(Stored data entries)
##########
lemma L2_cauchy_limit:
  fixes S :: "nat \<Rightarrow> 'a \<Rightarrow> real" and \<delta> :: "nat \<Rightarrow> real"
  assumes [measurable]: "\<And>k. S k \<in> borel_measurable M"
    and cauchy: "\<And>k l. k \<ge> 1 \<Longrightarrow> l \<ge> 1 \<Longrightarrow> integrable M (\<lambda>\<omega>. (S k \<omega> - S l \<omega>)\<^sup>2) \<and>
          (\<integral>\<omega>. (S k \<omega> - S l \<omega>)\<^sup>2 \<partial>M) \<le> \<delta> k + \<delta> l"
    and \<delta>: "\<delta> \<longlonglongrightarrow> 0"
  shows "\<exists>X. X \<in> borel_measurable M \<and> (\<forall>k\<ge>1. integrable M (\<lambda>\<omega>. (S k \<omega> - X \<omega>)\<^sup>2) \<and>
            (\<integral>\<omega>. (S k \<omega> - X \<omega>)\<^sup>2 \<partial>M) \<le> \<delta> k)"
proof -
  obtain n where n: "\<And>j. n j \<ge> 1" and \<delta>_n: "\<And>j. \<bar>\<delta> (n j)\<bar> \<le> (1/4)^j"
    using LIMSEQ_zero_fast_indices[OF \<delta>, of "\<lambda>j. (1/4)^j" 1] by auto
  have "AE \<omega> in M. convergent (\<lambda>j. S (n j) \<omega>)"
  proof (rule AE_convergent_of_fast_L2_cauchy)
    fix j
    show "integrable M (\<lambda>\<omega>. (S (n (Suc j)) \<omega> - S (n j) \<omega>)\<^sup>2)"
      using cauchy n by blast
    have "(\<integral>\<omega>. (S (n (Suc j)) \<omega> - S (n j) \<omega>)\<^sup>2 \<partial>M) \<le> \<delta> (n (Suc j)) + \<delta> (n j)"
      using cauchy n by blast
    also have "\<dots> \<le> 2 * (1/4)^j"
      using \<delta>_n[of j] \<delta>_n[of "Suc j"] by simp
    finally show "(\<integral>\<omega>. (S (n (Suc j)) \<omega> - S (n j) \<omega>)\<^sup>2 \<partial>M) \<le> 2 * (1/4)^j" .
  qed measurable
  then have X_lim: "AE \<omega> in M. (\<lambda>j. S (n j) \<omega>) \<longlonglongrightarrow> lim (\<lambda>j. S (n j) \<omega>)"
    by eventually_elim (simp add: convergent_LIMSEQ_iff)
  have X_meas: "(\<lambda>\<omega>. lim (\<lambda>j. S (n j) \<omega>)) \<in> borel_measurable M" by measurable
  have "(\<lambda>j. \<delta> (n j)) \<longlonglongrightarrow> 0"
    by (rule Lim_null_comparison[OF _ LIMSEQ_power_zero[of "1/4::real"]]) (use \<delta>_n in auto)
  then have \<delta>_lim: "(\<lambda>j. \<delta> k + \<delta> (n j)) \<longlonglongrightarrow> \<delta> k" for k
    using tendsto_add[OF tendsto_const, of "\<lambda>j. \<delta> (n j)" 0 sequentially "\<delta> k"] by simp
  have "integrable M (\<lambda>\<omega>. (S k \<omega> - lim (\<lambda>j. S (n j) \<omega>))\<^sup>2) \<and>
      (\<integral>\<omega>. (S k \<omega> - lim (\<lambda>j. S (n j) \<omega>))\<^sup>2 \<partial>M) \<le> \<delta> k" if "k \<ge> 1" for k
    by (rule square_integral_le_of_AE_limit[OF _ _ X_meas X_lim _ _ \<delta>_lim])
      (use cauchy[OF that n] in auto)
  then show ?thesis
    by (intro exI[of _ "\<lambda>\<omega>. lim (\<lambda>j. S (n j) \<omega>)"]) auto
qed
##########
Work to be completed
Repeat the data above in full, word for word.

Response to this exercise
lemma L2_cauchy_limit:
  fixes S :: "nat \<Rightarrow> 'a \<Rightarrow> real" and \<delta> :: "nat \<Rightarrow> real"
  assumes [measurable]: "\<And>k. S k \<in> borel_measurable M"
    and cauchy: "\<And>k l. k \<ge> 1 \<Longrightarrow> l \<ge> 1 \<Longrightarrow> integrable M (\<lambda>\<omega>. (S k \<omega> - S l \<omega>)\<^sup>2) \<and>
          (\<integral>\<omega>. (S k \<omega> - S l \<omega>)\<^sup>2 \<partial>M) \<le> \<delta> k + \<delta> l"
    and \<delta>: "\<delta> \<longlonglongrightarrow> 0"
  shows "\<exists>X. X \<in> borel_measurable M \<and> (\<forall>k\<ge>1. integrable M (\<lambda>\<omega>. (S k \<omega> - X \<omega>)\<^sup>2) \<and>
            (\<integral>\<omega>. (S k \<omega> - X \<omega>)\<^sup>2 \<partial>M) \<le> \<delta> k)"
proof -
  obtain n where n: "\<And>j. n j \<ge> 1" and \<delta>_n: "\<And>j. \<bar>\<delta> (n j)\<bar> \<le> (1/4)^j"
    using LIMSEQ_zero_fast_indices[OF \<delta>, of "\<lambda>j. (1/4)^j" 1] by auto
  have "AE \<omega> in M. convergent (\<lambda>j. S (n j) \<omega>)"
  proof (rule AE_convergent_of_fast_L2_cauchy)
    fix j
    show "integrable M (\<lambda>\<omega>. (S (n (Suc j)) \<omega> - S (n j) \<omega>)\<^sup>2)"
      using cauchy n by blast
    have "(\<integral>\<omega>. (S (n (Suc j)) \<omega> - S (n j) \<omega>)\<^sup>2 \<partial>M) \<le> \<delta> (n (Suc j)) + \<delta> (n j)"
      using cauchy n by blast
    also have "\<dots> \<le> 2 * (1/4)^j"
      using \<delta>_n[of j] \<delta>_n[of "Suc j"] by simp
    finally show "(\<integral>\<omega>. (S (n (Suc j)) \<omega> - S (n j) \<omega>)\<^sup>2 \<partial>M) \<le> 2 * (1/4)^j" .
  qed measurable
  then have X_lim: "AE \<omega> in M. (\<lambda>j. S (n j) \<omega>) \<longlonglongrightarrow> lim (\<lambda>j. S (n j) \<omega>)"
    by eventually_elim (simp add: convergent_LIMSEQ_iff)
  have X_meas: "(\<lambda>\<omega>. lim (\<lambda>j. S (n j) \<omega>)) \<in> borel_measurable M" by measurable
  have "(\<lambda>j. \<delta> (n j)) \<longlonglongrightarrow> 0"
    by (rule Lim_null_comparison[OF _ LIMSEQ_power_zero[of "1/4::real"]]) (use \<delta>_n in auto)
  then have \<delta>_lim: "(\<lambda>j. \<delta> k + \<delta> (n j)) \<longlonglongrightarrow> \<delta> k" for k
    using tendsto_add[OF tendsto_const, of "\<lambda>j. \<delta> (n j)" 0 sequentially "\<delta> k"] by simp
  have "integrable M (\<lambda>\<omega>. (S k \<omega> - lim (\<lambda>j. S (n j) \<omega>))\<^sup>2) \<and>
      (\<integral>\<omega>. (S k \<omega> - lim (\<lambda>j. S (n j) \<omega>))\<^sup>2 \<partial>M) \<le> \<delta> k" if "k \<ge> 1" for k
    by (rule square_integral_le_of_AE_limit[OF _ _ X_meas X_lim _ _ \<delta>_lim])
      (use cauchy[OF that n] in auto)
  then show ?thesis
    by (intro exI[of _ "\<lambda>\<omega>. lim (\<lambda>j. S (n j) \<omega>)"]) auto
qed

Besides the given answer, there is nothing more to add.